An Administrative Law Judge (ALJ) is usually an employee of the same agency in whose proceedings he or she makes decisions.
The TSA, however, has entered into a memorandum of understanding with another DHS component, the U.S. Coast Guard, pursuant to which TSA matters requiring decisions by ALJs are assigned to Coast Guard ALJs. (Some of our appeals of TSA FOIA decisions, for example, have been decided by Coast Guard ALJs.) This spared the new TSA from having to set up its own ALJ structure.
Most of the formal hearings conducted by Coast Guard ALJs involve maritime workers who are being threatened with revocation of their mariners’ licenses on the basis of drug test results. But they also hear cases of civil penalties for actions ranging from drunk boating to dumping or leakage of water pollutants from ships. TSA matters are a small part of their caseload.

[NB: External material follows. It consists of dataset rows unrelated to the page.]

(*
  The flow e^{th} x = e^t x_1 + x_0 + e^{-t} x_{-1} preserves the closed cone C, so rescaling by
  e^{-|t|} and letting t tend to \<plusminus>\<infinity> puts x_1 and x_{-1} into C for every x \<in> C; and p^- x is the
  midpoint of x and -\<tau> x, so it stays in C, resp. C^0. Hence p_1, p_{-1} and p^- are linear
  projections mapping C into itself, which gives the images of C. A projection P onto a subspace S
  with P(C) \<subseteq> C maps C^0 onto the interior of C \<inter> S relative to S: a point y of that relative
  interior can be moved to y - \<epsilon> P c \<in> C for a fixed c \<in> C^0, and y = P (y - \<epsilon> P c + \<epsilon> c) with
  y - \<epsilon> P c + \<epsilon> c \<in> C + C^0 \<subseteq> C^0. The interior C^0 is non-empty because C is generating.
*)

lemma projection_image_eq_Int:
  assumes "P ` A \<subseteq> A" "range P \<subseteq> S" "\<And>x. x \<in> S \<Longrightarrow> P x = x"
  shows "P ` A = A \<inter> S"
  using assms by force

lemma convex_cone_add_interior:
  fixes C :: "'a::real_normed_vector set"
  assumes "convex C" "cone C" "x \<in> C" "u \<in> interior C"
  shows "x + u \<in> interior C"
proof -
  have "(+) x ` C \<subseteq> C"
    using assms(1-3) convex_cone by blast
  then have "(+) x ` interior C \<subseteq> interior C"
    by (metis interior_mono interior_translation)
  then show ?thesis
    using assms(4) by blast
qed

lemma cone_scaleR_interior:
  fixes C :: "'a::real_normed_vector set"
  assumes "cone C" "c > 0" "u \<in> interior C"
  shows "c *\<^sub>R u \<in> interior C"
proof -
  have "(*\<^sub>R) c ` interior C \<subseteq> interior C"
  proof (rule interior_maximal)
    show "(*\<^sub>R) c ` interior C \<subseteq> C"
      using assms(1,2) interior_subset unfolding cone_def by fastforce
  qed (use assms(2) in auto)
  then show ?thesis
    using assms(3) by blast
qed

lemma convex_interior_nonempty_if_span_UNIV:
  fixes C :: "'a::euclidean_space set"
  assumes "convex C" "0 \<in> C" "span C = UNIV"
  shows "interior C \<noteq> {}"
proof -
  have "affine hull C = UNIV"
    using assms(2,3) by (simp add: affine_hull_span_0 hull_inc)
  then have "interior C = rel_interior C"
    by (simp add: rel_interior_interior)
  then show ?thesis
    using assms(1,2) rel_interior_eq_empty by auto
qed

lemma eventually_at_right_diff_in_interior_of:
  fixes y q :: "'a::real_normed_vector"
  assumes "y \<in> top_of_set S interior_of A" "subspace S" "q \<in> S"
  shows "\<forall>\<^sub>F \<epsilon> in at_right 0. y - \<epsilon> *\<^sub>R q \<in> A"
proof -
  obtain U where U: "open U" "y \<in> S \<inter> U" "S \<inter> U \<subseteq> A"
    using assms(1) unfolding interior_of_def openin_open by blast
  have "((\<lambda>\<epsilon>. y - \<epsilon> *\<^sub>R q) \<longlongrightarrow> y - 0 *\<^sub>R q) (at_right 0)"
    by (intro tendsto_intros)
  then have near: "\<forall>\<^sub>F \<epsilon> in at_right 0. y - \<epsilon> *\<^sub>R q \<in> U"
    using U(1,2) by (intro topological_tendstoD) auto
  have "y - \<epsilon> *\<^sub>R q \<in> S" for \<epsilon>
    using U(2) assms(2,3) by (simp add: subspace_diff subspace_scale)
  then show ?thesis
    using U(3) by (blast intro: eventually_mono[OF near])
qed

The Coast Guard ALJ in this case, George J. Jordan, was previously the chief administrator of the Coast Guard ALJ office and legal advisor to the Chief Coast Guard ALJ. He was named as a defendant along with the Chief ALJ and others in three related lawsuits (Dresser v. Ingolia, Elsik v. Ingolia, and Rogers v. Ingolia) brought by mariners who were the subject of Coast Guard enforcement actions. The plaintiffs alleged that “Coast Guard administrative law judges, clerks, and other staff [including Jordan] conspired to ‘fix’ administrative proceedings.”
In 2009, while those cases against him and his colleagues were pending, Jordan was shifted to the Social Security Administration, where he was appointed an ALJ for that agency. In 2010, after all three cases against him had been dismissed (on jurisdictional and immunity grounds which were eventually upheld by Circuit Courts, without fact-finding on the substantive allegations), Jordan returned to the Coast Guard and was appointed as a Coast Guard ALJ, a promotion from his former position as an advisor and administrator for the ALJs. At the time, some maritime lawyers specializing in practice before Coast Guard ALJs complained that Jordan’s appointment as an ALJ showed at least the appearance of a lack of concern by the Coast Guard for the probity of its ALJs and the integrity of their proceedings.